A.G.A.V. Anuradha and N.D.Kodikara
Offline handwriting recognition is still an open area in research community. And many researchers pay attention to this area since it is linked with lots of applications. However, very little number of researches has been done to recognize Sinhala handwritings. In this research, we present a system towards Sri Lankan postal automation based on the recognition of postal city name written within a restricted area on postal envelopes. The proposed system uses segmentation free algorithms. So, the whole word is considered instead of isolated characters. Four phases are carried out in this research such as preprocessing, feature detection, recognition and postprocessing. There are 7 stages in preprocessing phase namely noise removing, thresholding, detection of the rectangular area, skew detection, skew correction, underline removing and thinning. We propose the use of Gabor filter to produce effective features. The other used feature extraction methods are Horizontal Projection Profile histogram as well as Vertical Projection Profile histogram. 13 features are identified for each image by using those techniques. A feed forward neural network with one hidden layer is used in the recognition process.

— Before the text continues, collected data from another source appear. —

lemma actL_actL_from_basis:
  assumes linear: "\<forall>b\<in>B. Vector_Spaces.linear scale scale (act b)"
    and compose: "\<And>b e x. b \<in> B \<Longrightarrow> e \<in> B \<Longrightarrow> act b (act e x) =
      (\<Sum>c\<in>B. \<Sum>d\<in>B. scale (cc b c d) (act c 1 * (\<Sum>f\<in>B. scale (mc d e f) (act f x))))"
    and "finite B"
  shows "actL scale B act u (actL scale B act v x) =
      (\<Sum>c\<in>B. \<Sum>d\<in>B. scale (hcomult B cc u c d)
         (act c 1 * actL scale B act (hmult B mc (basis_vec d) v) x))"
proof -
  define w where "w b e c d f = scale (u b * v e * cc b c d * mc d e f) (act c 1 * act f x)" for b e c d f
  have "actL scale B act u (actL scale B act v x) =
      (\<Sum>b\<in>B. scale (u b) (\<Sum>e\<in>B. scale (v e) (act b (act e x))))"
    unfolding actL_def using linear by (intro sum.cong refl) (simp add: linear_sum linear_scale)
  also have "\<dots> = (\<Sum>b\<in>B. \<Sum>e\<in>B. \<Sum>c\<in>B. \<Sum>d\<in>B. \<Sum>f\<in>B. w b e c d f)"
    unfolding w_def
    by (intro sum.cong refl) (simp add: compose scale_sum_right mult_sum_scale mult.assoc)
  also have "\<dots> = (\<Sum>b\<in>B. \<Sum>c\<in>B. \<Sum>d\<in>B. \<Sum>e\<in>B. \<Sum>f\<in>B. w b e c d f)"
    by (rule sum.cong[OF refl], rule sum_rotate3)
  also have "\<dots> = (\<Sum>c\<in>B. \<Sum>d\<in>B. \<Sum>b\<in>B. \<Sum>e\<in>B. \<Sum>f\<in>B. w b e c d f)"
    by (rule sum_rotate3)
  also have "\<dots> = (\<Sum>c\<in>B. \<Sum>d\<in>B. \<Sum>e\<in>B. \<Sum>f\<in>B. \<Sum>b\<in>B. w b e c d f)"
    by (rule sum.cong[OF refl], rule sum.cong[OF refl], rule sum_rotate3)
  also have "\<dots> = (\<Sum>c\<in>B. \<Sum>d\<in>B. \<Sum>f\<in>B. \<Sum>e\<in>B. \<Sum>b\<in>B. w b e c d f)"
    by (rule sum.cong[OF refl], rule sum.cong[OF refl], rule sum.swap)
  also have "\<dots> = (\<Sum>c\<in>B. \<Sum>d\<in>B. scale (hcomult B cc u c d)
      (act c 1 * actL scale B act (hmult B mc (basis_vec d) v) x))"
    unfolding w_def hcomult_def actL_def using \<open>finite B\<close>
    by (intro sum.cong refl)
      (simp add: hmult_basis_vec scale_sum_left scale_sum_right mult_sum_scale sum_distrib_left mult_ac)
  finally show ?thesis .
qed

lemma partial_action_iff_basis:
  assumes "finite B" and linear: "\<forall>b\<in>B. Vector_Spaces.linear scale scale (act b)"
  shows "partial_action scale B mc cc un act \<longleftrightarrow>
    (\<forall>x. actL scale B act un x = x) \<and>
    (\<forall>b\<in>B. \<forall>x y. act b (x * y) = (\<Sum>c\<in>B. \<Sum>d\<in>B. scale (cc b c d) (act c x * act d y))) \<and>
    (\<forall>b\<in>B. \<forall>e\<in>B. \<forall>x. act b (act e x) =
      (\<Sum>c\<in>B. \<Sum>d\<in>B. scale (cc b c d) (act c 1 * (\<Sum>f\<in>B. scale (mc d e f) (act f x)))))"
    (is "_ \<longleftrightarrow> ?unit \<and> ?comult \<and> ?compose")
proof
  assume pa: "partial_action scale B mc cc un act"
  have ?comult
  proof (intro ballI allI)
    fix b x y assume "b \<in> B"
    moreover from pa have "actL scale B act (basis_vec b) (x * y) =
        (\<Sum>c\<in>B. \<Sum>d\<in>B. scale (hcomult B cc (basis_vec b) c d) (act c x * act d y))"
      unfolding partial_action_def by blast
    ultimately show "act b (x * y) = (\<Sum>c\<in>B. \<Sum>d\<in>B. scale (cc b c d) (act c x * act d y))"
      using \<open>finite B\<close> by (simp add: actL_basis_vec hcomult_basis_vec)
  qed
  moreover have ?compose
  proof (intro ballI allI)
    fix b e x assume "b \<in> B" "e \<in> B"
    moreover from pa have "actL scale B act (basis_vec b) (actL scale B act (basis_vec e) x) =
        (\<Sum>c\<in>B. \<Sum>d\<in>B. scale (hcomult B cc (basis_vec b) c d)
          (act c 1 * actL scale B act (hmult B mc (basis_vec d) (basis_vec e)) x))"
      unfolding partial_action_def by blast
    ultimately show "act b (act e x) =
        (\<Sum>c\<in>B. \<Sum>d\<in>B. scale (cc b c d) (act c 1 * (\<Sum>f\<in>B. scale (mc d e f) (act f x))))"
      using \<open>finite B\<close>
      by (simp add: actL_basis_vec hcomult_basis_vec hmult_basis_vec_basis_vec, simp add: actL_def)
  qed
  ultimately show "?unit \<and> ?comult \<and> ?compose"
    using pa unfolding partial_action_def by blast
next
  assume "?unit \<and> ?comult \<and> ?compose"
  with \<open>finite B\<close> linear show "partial_action scale B mc cc un act"
    unfolding partial_action_def
    by (intro conjI allI actL_mult_from_basis actL_actL_from_basis) auto
qed

lemma taft_cc_sum:
  assumes "i < n" "j < n"
  shows "(\<Sum>c\<in>taft_B n. \<Sum>d\<in>taft_B n. scale (taft_cc n q (i, j) c d) (F c d)) =
    (\<Sum>t\<le>j. scale (qbinom q j t) (F ((i + t) mod n, j - t) (i, t)))"
proof -
  have inner: "(\<Sum>c\<in>taft_B n. scale (taft_cc n q (i, j) c d) (F c d)) =
      (if fst d = i \<and> snd d \<le> j then
         scale (qbinom q j (snd d)) (F ((i + snd d) mod n, j - snd d) d) else 0)"
    for d
  proof -
    obtain i' t where d: "d = (i', t)"
      by fastforce
    have "scale (taft_cc n q (i, j) c (i', t)) (F c (i', t)) =
        (if c = ((i + t) mod n, j - t) then
           (if i' = i \<and> t \<le> j then scale (qbinom q j t) (F c (i', t)) else 0) else 0)" for c
      by (auto simp: taft_cc_def split: prod.splits)
    moreover have "((i + t) mod n, j - t) \<in> taft_B n"
      using assms by (auto simp: taft_B_def)
    ultimately show ?thesis
      by (simp add: d taft_B_def)
  qed
  have "(\<Sum>c\<in>taft_B n. \<Sum>d\<in>taft_B n. scale (taft_cc n q (i, j) c d) (F c d)) =
      (\<Sum>d\<in>taft_B n. if fst d = i \<and> snd d \<le> j then
         scale (qbinom q j (snd d)) (F ((i + snd d) mod n, j - snd d) d) else 0)"
    by (subst sum.swap) (simp only: inner)
  also have "\<dots> = (\<Sum>d\<in>(\<lambda>t. (i, t)) ` {..j}. scale (qbinom q j (snd d)) (F ((i + snd d) mod n, j - snd d) d))"
    using assms by (intro sum.mono_neutral_cong_right) (auto simp: taft_B_def)
  also have "\<dots> = (\<Sum>t\<le>j. scale (qbinom q j t) (F ((i + t) mod n, j - t) (i, t)))"
    by (subst sum.reindex) (auto simp: inj_on_def)
  finally show ?thesis .
qed

lemma taft_mc_sum:
  assumes "0 < n"
  shows "(\<Sum>f\<in>taft_B n. scale (taft_mc n q (i, j) (l, m) f) (G f)) =
    (if j + m < n then scale (q ^ (j * l)) (G ((i + l) mod n, j + m)) else 0)"
proof -
  have "scale (taft_mc n q (i, j) (l, m) f) (G f) =
      (if f = ((i + l) mod n, j + m) then scale (q ^ (j * l)) (G ((i + l) mod n, j + m)) else 0)" for f
    by (auto simp: taft_mc_def split: prod.splits)
  moreover have "((i + l) mod n, j + m) \<in> taft_B n \<longleftrightarrow> j + m < n"
    using assms by (auto simp: taft_B_def)
  ultimately show ?thesis
    by (simp add: taft_B_def)
qed

lemma actL_taft_unit:
  assumes "0 < n"
  shows "actL scale (taft_B n) act taft_unit x = act (0, 0) x"
proof -
  have "scale (taft_unit b) (act b x) = (if b = (0, 0) then act (0, 0) x else 0)" for b
    by (auto simp: taft_unit_def split: prod.splits)
  with assms show ?thesis
    by (simp add: actL_def taft_B_def)
qed

lemma ball_cyc_B: "(\<forall>i\<in>cyc_B n. P i) \<longleftrightarrow> (\<forall>i<n. P i)"
  by (auto simp: cyc_B_def)

lemma ball_taft_B: "(\<forall>b\<in>taft_B n. P b) \<longleftrightarrow> (\<forall>i<n. \<forall>j<n. P (i, j))"
  by (auto simp: taft_B_def)

lemma cyc_cc_sum:
  assumes "i \<in> cyc_B n"
  shows "(\<Sum>c\<in>cyc_B n. \<Sum>d\<in>cyc_B n. scale (cyc_cc i c d) (F c d)) = F i i"
proof -
  have "scale (cyc_cc i c d) (F c d) = (if d = i then if c = i then F i i else 0 else 0)" for c d
    by (simp add: cyc_cc_def)
  with assms show ?thesis
    by (simp add: cyc_B_def)
qed

lemma cyc_mc_sum:
  assumes "0 < n"
  shows "(\<Sum>f\<in>cyc_B n. scale (cyc_mc n i l f) (G f)) = G ((i + l) mod n)"
proof -
  have "scale (cyc_mc n i l f) (G f) = (if f = (i + l) mod n then G ((i + l) mod n) else 0)" for f
    by (simp add: cyc_mc_def)
  with assms show ?thesis
    by (simp add: cyc_B_def)
qed

lemma actL_cyc_unit:
  assumes "0 < n"
  shows "actL scale (cyc_B n) G cyc_unit x = G 0 x"
proof -
  have "scale (cyc_unit i) (G i x) = (if i = 0 then G 0 x else 0)" for i
    by (simp add: cyc_unit_def)
  with assms show ?thesis
    by (simp add: actL_def cyc_B_def)
qed

lemma cyclic_partial_action_iff:
  assumes "0 < n" and linear: "\<forall>i\<in>cyc_B n. Vector_Spaces.linear scale scale (G i)"
  shows "partial_action scale (cyc_B n) (cyc_mc n) cyc_cc cyc_unit G \<longleftrightarrow>
    (\<forall>x. G 0 x = x) \<and>
    (\<forall>i<n. \<forall>x y. G i (x * y) = G i x * G i y) \<and>
    (\<forall>i<n. \<forall>l<n. \<forall>x. G i (G l x) = G i 1 * G ((i + l) mod n) x)"
proof -
  have "finite (cyc_B n)"
    by (simp add: cyc_B_def)
  with assms show ?thesis
    by (simp add: partial_action_iff_basis actL_cyc_unit cyc_cc_sum cyc_mc_sum ball_cyc_B)
qed

end

locale taft_linear_map = algebra_over_field scale
  for scale :: "'k::field \<Rightarrow> 'a::ring_1 \<Rightarrow> 'a" +
  fixes n :: nat and q :: 'k and act :: "nat \<times> nat \<Rightarrow> 'a \<Rightarrow> 'a"
  assumes two_le_n: "2 \<le> n"
    and linear_act: "\<forall>b\<in>taft_B n. Vector_Spaces.linear scale scale (act b)"
begin

lemma n_pos: "0 < n"
  using two_le_n by simp

lemma linear_act_group_like: "\<forall>i\<in>cyc_B n. Vector_Spaces.linear scale scale (act (i, 0))"
  using linear_act n_pos by (simp add: ball_cyc_B ball_taft_B)

lemma taft_partial_action_iff:
  "partial_action scale (taft_B n) (taft_mc n q) (taft_cc n q) taft_unit act \<longleftrightarrow>
    (\<forall>x. act (0, 0) x = x) \<and>
    (\<forall>i<n. \<forall>j<n. \<forall>x y. act (i, j) (x * y) =
      (\<Sum>t\<le>j. scale (qbinom q j t) (act ((i + t) mod n, j - t) x * act (i, t) y))) \<and>
    (\<forall>i<n. \<forall>j<n. \<forall>l<n. \<forall>m<n. \<forall>x. act (i, j) (act (l, m) x) =
      (\<Sum>t\<le>j. scale (qbinom q j t) (act ((i + t) mod n, j - t) 1 *
        (if t + m < n then scale (q ^ (t * l)) (act ((i + l) mod n, t + m) x) else 0))))"
proof -
  have "finite (taft_B n)"
    by (simp add: taft_B_def)
  then show ?thesis
    using linear_act n_pos
    by (simp add: partial_action_iff_basis actL_taft_unit taft_cc_sum taft_mc_sum ball_taft_B
        cong: conj_cong)
qed

lemma partial_action_if_cyclic:
  assumes cyclic: "partial_action scale (cyc_B n) (cyc_mc n) cyc_cc cyc_unit (\<lambda>i. act (i, 0))"
    and vanish: "\<And>i j x. i < n \<Longrightarrow> 0 < j \<Longrightarrow> j < n \<Longrightarrow> act (i, j) x = 0"
  shows "partial_action scale (taft_B n) (taft_mc n q) (taft_cc n q) taft_unit act"
proof -
  have unit: "act (0, 0) x = x"
    and mult: "\<And>i. i < n \<Longrightarrow> act (i, 0) (x * y) = act (i, 0) x * act (i, 0) y"
    and compose: "\<And>i l. i < n \<Longrightarrow> l < n \<Longrightarrow>
      act (i, 0) (act (l, 0) x) = act (i, 0) 1 * act ((i + l) mod n, 0) x" for x y
    using cyclic n_pos linear_act_group_like by (simp_all add: cyclic_partial_action_iff)
  have act_zero: "act b 0 = 0" if "b \<in> taft_B n" for b
    using linear_act that by (simp add: linear_0)
  have comult: "act (i, j) (x * y) =
      (\<Sum>t\<le>j. scale (qbinom q j t) (act ((i + t) mod n, j - t) x * act (i, t) y))"
    if "i < n" "j < n" for i j x y
  proof (cases "j = 0")
    case True
    with that mult show ?thesis by simp
  next
    case False
    have "act ((i + t) mod n, j - t) x * act (i, t) y = 0" if "t \<le> j" for t
      using vanish n_pos \<open>i < n\<close> \<open>j < n\<close> False that
      by (cases "t = j") auto
    with False that vanish show ?thesis by simp
  qed
  have composition: "act (i, j) (act (l, m) x) =
      (\<Sum>t\<le>j. scale (qbinom q j t) (act ((i + t) mod n, j - t) 1 *
        (if t + m < n then scale (q ^ (t * l)) (act ((i + l) mod n, t + m) x) else 0)))"
    if "i < n" "j < n" "l < n" "m < n" for i j l m x
  proof (cases "j = 0 \<and> m = 0")
    case True
    with that compose show ?thesis by simp
  next
    case False
    have "act (i, j) (act (l, m) x) = 0"
      using vanish act_zero that False by (cases "j = 0") (auto simp: taft_B_def)
    moreover have "act ((i + t) mod n, j - t) 1 *
        (if t + m < n then scale (q ^ (t * l)) (act ((i + l) mod n, t + m) x) else 0) = 0"
      if "t \<le> j" for t
      using vanish n_pos \<open>j < n\<close> False that
      by (cases "t = j") auto
    ultimately show ?thesis by simp
  qed
  show ?thesis
    unfolding taft_partial_action_iff using unit comult composition by blast
qed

This is based on the supervised learning algorithm. There are 6 output nodes to classify 50 different postal cities. Data for the training set and testing set is received from the National Science Foundation (NSF) database which consists of Sinhala postal city names written by people for the real purpose as well as from some other people. The well trained neural network outputs a binary number which corresponds to the recognized city name. The postprocessing technique uses a Microsoft Access database which maps the decimal value of the binary number to the city name. It gives the recognized city name in a user readable manner. Testing and evaluation were done in a comparable manner using several neural networks with 50, 20 and 10 cities. The accuracy of postal city name recognition was about 41%. Lack of training data, weaknesses of skew detection and underline removing algorithms are the reasons for this lower recognition rate. Some features used here are not much effective and this situation has also affected to the low accuracy.